Antennas are often taken for granted in a system design. While they lack the elegance of components like amplifiers and data converters, they are just as vital to the success of a communications, radar, electronic-warfare (EW), or other electronic system. With more electronic systems reaching for higher levels of modulation to squeeze more data into a transmission, antenna designers are seeking even more efficiency than ever before.

A current trend in the packaging of electronic systems is the integration of more functions within smaller housings. Tactical radios, even cellular telephones, are including additional capabilities such as Global Positioning System (GPS) receivers. In support of such multifunction systems, Pulse Electronics Corp. developed an ultrathin active GPS antenna that also supports third-generation (3G) cellular systems, such as GPRS, GSM, UMTS, and WCDMA. The model W4150GG5000 antenna (Fig. 1) can be installed with either side facing up so only one antenna per housing is required, whether mounting on a windshield or dashboard of a vehicle. the antenna receives location information from a GPS satellite and uses the cellular network to transfer this data to a central control center or third party. The antenna assists in vehicle and asset tracking and location, navigation, and emergency call systems. It measures 100 x 50 mm with a height of only 8 mm.

The antenna functions over 3G frequencies of 824 to 960 MHz with 2-dBi gain and 1710 to 2170 MHz with 4-dBi gain and as much as 70% radiated efficiency. for GPS, it operates at 1575.42 MHz with maximum gain of 26 dBi. Beatrice Colbeau, Product Manager for Pulse Wireless' Device Division, comments on the antenna's flexibility: "The W4150 series delivers high performance functionality integrated into an ultra-slim elliptical package which provides an aesthetically pleasing addition. It can be installed with either side facing up, making it an extremely flexible solution for the windscreen or dashboard of any vehicle."

Antenna design expertise at Kaltman Creations LLC extends very low in frequency, as the firm's customers have often asked for lower-frequency antennas for such measurement applications as electromagnetic-compatibility (EMC) testing. As a result, the company recently announced new lines of extremely low frequency (ELF), super-low-frequency (SLF), and low-frequency (LF) measurement antennas.

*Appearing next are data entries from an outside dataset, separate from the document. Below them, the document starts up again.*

lemma walk_to_nonvalue_unique_from:
  assumes g: "represents con G t" and v: "v \<in> verts G"
    and "walk G v q1 = Some u" "walk G v q2 = Some u" "denotes G u s" "\<not> constr_term con s"
  shows "q1 = q2"
proof -
  obtain p where p: "walk G (root G) p = Some v" using represents_verts_walk[OF g v] by blast
  have "walk G (root G) (p @ q1) = Some u" "walk G (root G) (p @ q2) = Some u"
    using assms(3,4) p by (simp_all add: walk_append_Some)
  then have "p @ q1 = p @ q2"
    using walk_to_nonvalue_unique[OF g _ _ assms(5,6)] by blast
  then show ?thesis by simp
qed

lemma is_path_Cons: "is_path G (a # vs) \<longleftrightarrow> a \<in> verts G \<and>
   (vs = [] \<or> (is_path G vs \<and> hd vs \<in> set (succ G a)))"
  unfolding is_path_def by (cases vs) (auto simp: less_Suc_eq_0_disj nth_Cons' split: nat.splits)

lemma constructor_path_Cons: "constructor_path con G (a # vs) \<longleftrightarrow>
   (\<exists>c. lab G a = Some c \<and> con c) \<and> constructor_path con G vs"
  by (auto simp: constructor_path_def)

lemma constructor_path_if_constr_term: "denotes G a s \<Longrightarrow> constr_term con s \<Longrightarrow> is_path G vs \<Longrightarrow> hd vs = a \<Longrightarrow>
    constructor_path con G vs"
proof (induction vs arbitrary: a s)
  case Nil
  then show ?case by (simp add: is_path_def)
next
  case (Cons a' vs)
  then have a: "a' = a" by simp
  from Cons.prems obtain c ts where s: "s = Fun c ts" by (cases s) (auto simp: not_constr_term_Var)
  then have c: "con c" "\<forall>t\<in>set ts. constr_term con t" using Cons.prems by (auto simp: constr_term_Fun)
  have L: "lab G a = Some c" "length ts = length (succ G a)"
    "\<forall>i<length ts. denotes G (succ G a ! i) (ts ! i)"
    using denotes_FunD Cons.prems s by metis+
  show ?case
  proof (cases "vs = []")
    case True
    then show ?thesis using a L c by (simp add: constructor_path_def)
  next
    case False
    then have P: "is_path G vs" "hd vs \<in> set (succ G a)" using Cons.prems a is_path_Cons by metis+
    then obtain j where j: "j < length (succ G a)" "succ G a ! j = hd vs" by (auto simp: in_set_conv_nth)
    then have "denotes G (hd vs) (ts ! j)" "constr_term con (ts ! j)" using L c by (auto simp: nth_mem)
    then have "constructor_path con G vs" using Cons.IH P by blast
    then show ?thesis using a L c by (simp add: constructor_path_Cons)
  qed
qed

lemma constr_term_if_constructor_paths: "denotes G a s \<Longrightarrow> (\<forall>v\<in>verts G. set (succ G v) \<subseteq> verts G) \<Longrightarrow>
    a \<in> verts G \<Longrightarrow>
    (\<forall>vs. is_path G vs \<and> hd vs = a \<longrightarrow> constructor_path con G vs) \<Longrightarrow> constr_term con s"
proof (induction rule: denotes.induct)
  case (denotes_Var v x)
  have "is_path G [v]" using denotes_Var by (simp add: is_path_Cons)
  then have "constructor_path con G [v]" using denotes_Var by auto
  then show ?case using denotes_Var by (simp add: constructor_path_def)
next
  case (denotes_Fun v f ts)
  have "is_path G [v]" using denotes_Fun by (simp add: is_path_Cons)
  then have "constructor_path con G [v]" using denotes_Fun by auto
  then have cf: "con f" using denotes_Fun by (simp add: constructor_path_def)
  have "\<forall>i<length ts. constr_term con (ts ! i)"
  proof (intro allI impI)
    fix i assume i: "i < length ts"
    define c where "c = succ G v ! i"
    have ss: "set (succ G v) \<subseteq> verts G" using denotes_Fun.prems(1,2) by blast
    have cv: "c \<in> verts G" using ss i denotes_Fun.hyps(2) nth_mem[of i "succ G v"]
      unfolding c_def by (metis subsetD)
    have cp: "\<forall>vs. is_path G vs \<and> hd vs = c \<longrightarrow> constructor_path con G vs"
    proof (intro allI impI)
      fix vs assume vs: "is_path G vs \<and> hd vs = c"
      then have "is_path G (v # vs)" using denotes_Fun.prems i denotes_Fun.hyps(2)
        by (auto simp: is_path_Cons c_def nth_mem)
      then have "constructor_path con G (v # vs)" using denotes_Fun.prems by auto
      then show "constructor_path con G vs" by (simp add: constructor_path_Cons)
    qed
    have "denotes G c (ts ! i) \<and> (c \<in> verts G \<longrightarrow>
          (\<forall>vs. is_path G vs \<and> hd vs = c \<longrightarrow> constructor_path con G vs) \<longrightarrow> constr_term con (ts ! i))"
      using denotes_Fun.IH i denotes_Fun.hyps(2) denotes_Fun.prems(1) unfolding c_def by auto
    then show "constr_term con (ts ! i)" using cp cv by blast
  qed
  then show ?case unfolding constr_term_Fun using cf by (metis in_set_conv_nth)
qed

lemma constructor_trs_rule: "constructor_trs con ar R \<Longrightarrow> (l, r) \<in> R \<Longrightarrow>
   (\<exists>f ps. l = Fun f ps \<and> \<not> con f) \<and> linear_trm l \<and> vars r \<subseteq> vars l"
  unfolding constructor_trs_def by fastforce

lemma rule_graph_gsucc_False: "gsucc (rule_graph l r) (False, q) =
   (case subt l q of Fun g ts \<Rightarrow> map (\<lambda>i. (False, q @ [i])) [0..<length ts] | Var x \<Rightarrow> [])"
  by (simp add: rule_graph_def)

lemma rule_graph_gsucc_True: "gsucc (rule_graph l r) (True, q) =
   (case subt r q of Fun g ts \<Rightarrow> map (\<lambda>i. rnode l r (q @ [i])) [0..<length ts] | Var x \<Rightarrow> [])"
  by (simp add: rule_graph_def)

lemma rule_graph_glab_False: "glab (rule_graph l r) (False, q) =
    (case subt l q of Fun g ts \<Rightarrow> Some g | Var x \<Rightarrow> None)"
  by (simp add: rule_graph_def)

lemma rule_graph_glab_True: "glab (rule_graph l r) (True, q) =
    (case subt r q of Fun g ts \<Rightarrow> Some g | Var x \<Rightarrow> None)"
  by (simp add: rule_graph_def)

lemma rule_graph_roots: "lroot (rule_graph l r) = (False, [])" "rroot (rule_graph l r) = rnode l r []"
  by (simp_all add: rule_graph_def)

lemma rnode_Var: "subt r q = Var x \<Longrightarrow> rnode l r q = (False, varpos l x)"
  by (simp add: rnode_def)

lemma rnode_Fun: "subt r q = Fun g ts \<Longrightarrow> rnode l r q = (True, q)"
  by (simp add: rnode_def)

lemma rule_graph_lhs_succ: "q \<in> poss l \<Longrightarrow> b \<in> set (gsucc (rule_graph l r) (False, q)) \<Longrightarrow>
    b \<in> {(False, p) | p. p \<in> poss l}"
  using poss_snoc_Fun[of q l] by (cases "subt l q") (auto simp: rule_graph_gsucc_False)

lemma reach_rule_graph_lhs: "reach (gsucc (rule_graph l r)) (False, []) = {(False, q) | q. q \<in> poss l}"
proof
  show "reach (gsucc (rule_graph l r)) (False, []) \<subseteq> {(False, q) | q. q \<in> poss l}"
  proof
    fix y assume "y \<in> reach (gsucc (rule_graph l r)) (False, [])"
    then have "((False, []), y) \<in> (edges (gsucc (rule_graph l r)))\<^sup>*" by (simp add: reach_def)
    then show "y \<in> {(False, q) | q. q \<in> poss l}"
    proof (induction rule: rtrancl_induct)
      case base
      then show ?case by (simp add: poss_def)
    next
      case (step a b)
      then obtain q where a: "a = (False, q)" "q \<in> poss l" by blast
      from step(2) a have "b \<in> set (gsucc (rule_graph l r) (False, q))" by (simp add: edges_def)
      then show ?case using rule_graph_lhs_succ a(2) by blast
    qed
  qed
next
  show "{(False, q) | q. q \<in> poss l} \<subseteq> reach (gsucc (rule_graph l r)) (False, [])"
  proof -
    have "valid_pos l q \<Longrightarrow> ((False, []), (False, q)) \<in> (edges (gsucc (rule_graph l r)))\<^sup>*" for q
    proof (induction q rule: rev_induct)
      case Nil
      then show ?case by simp
    next
      case (snoc i q)
      then obtain g ts where gt: "subt l q = Fun g ts" "i < length ts" using subt_snoc by blast
      have "valid_pos l q" using snoc.prems valid_pos_append by blast
      then have 1: "((False, []), (False, q)) \<in> (edges (gsucc (rule_graph l r)))\<^sup>*"
        using snoc.IH by blast
      have "((False, q), (False, q @ [i])) \<in> edges (gsucc (rule_graph l r))"
        using gt by (auto simp: edges_def rule_graph_gsucc_False)
      then show ?case by (rule rtrancl_into_rtrancl[OF 1])
    qed
    then show ?thesis by (auto simp: reach_def poss_def)
  qed
qed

These antennas expand on the firm's higher-frequency radial isotropic and log-periodic antennas for EM compliance testing, spectrum surveys, and general research applications.

The new antennas provide frequency coverage from 3 Hz to 60 MHz (across six models). The antennas carry the company's "LoWavz Antennas" trademark and provide flat gain in both directional and omnidirectional radiation patterns (Fig. 2). according to Mark Kaltman, President of Kaltman Creations, "We have a strong customer base in the 1 Hz to 1 MHz and 1 MHz to 9.4 GHz ranges as a result of our spectrum analyzer sales. Our new LoWavz antenna line fills the need for affordable yet accurate low frequency applications covering the ELF to HF bands." Most of the lightweight antennas are designed for 50-Ω systems and provide as much as 12 dBi gain. Several models include external preamplifiers for additional signal boosts.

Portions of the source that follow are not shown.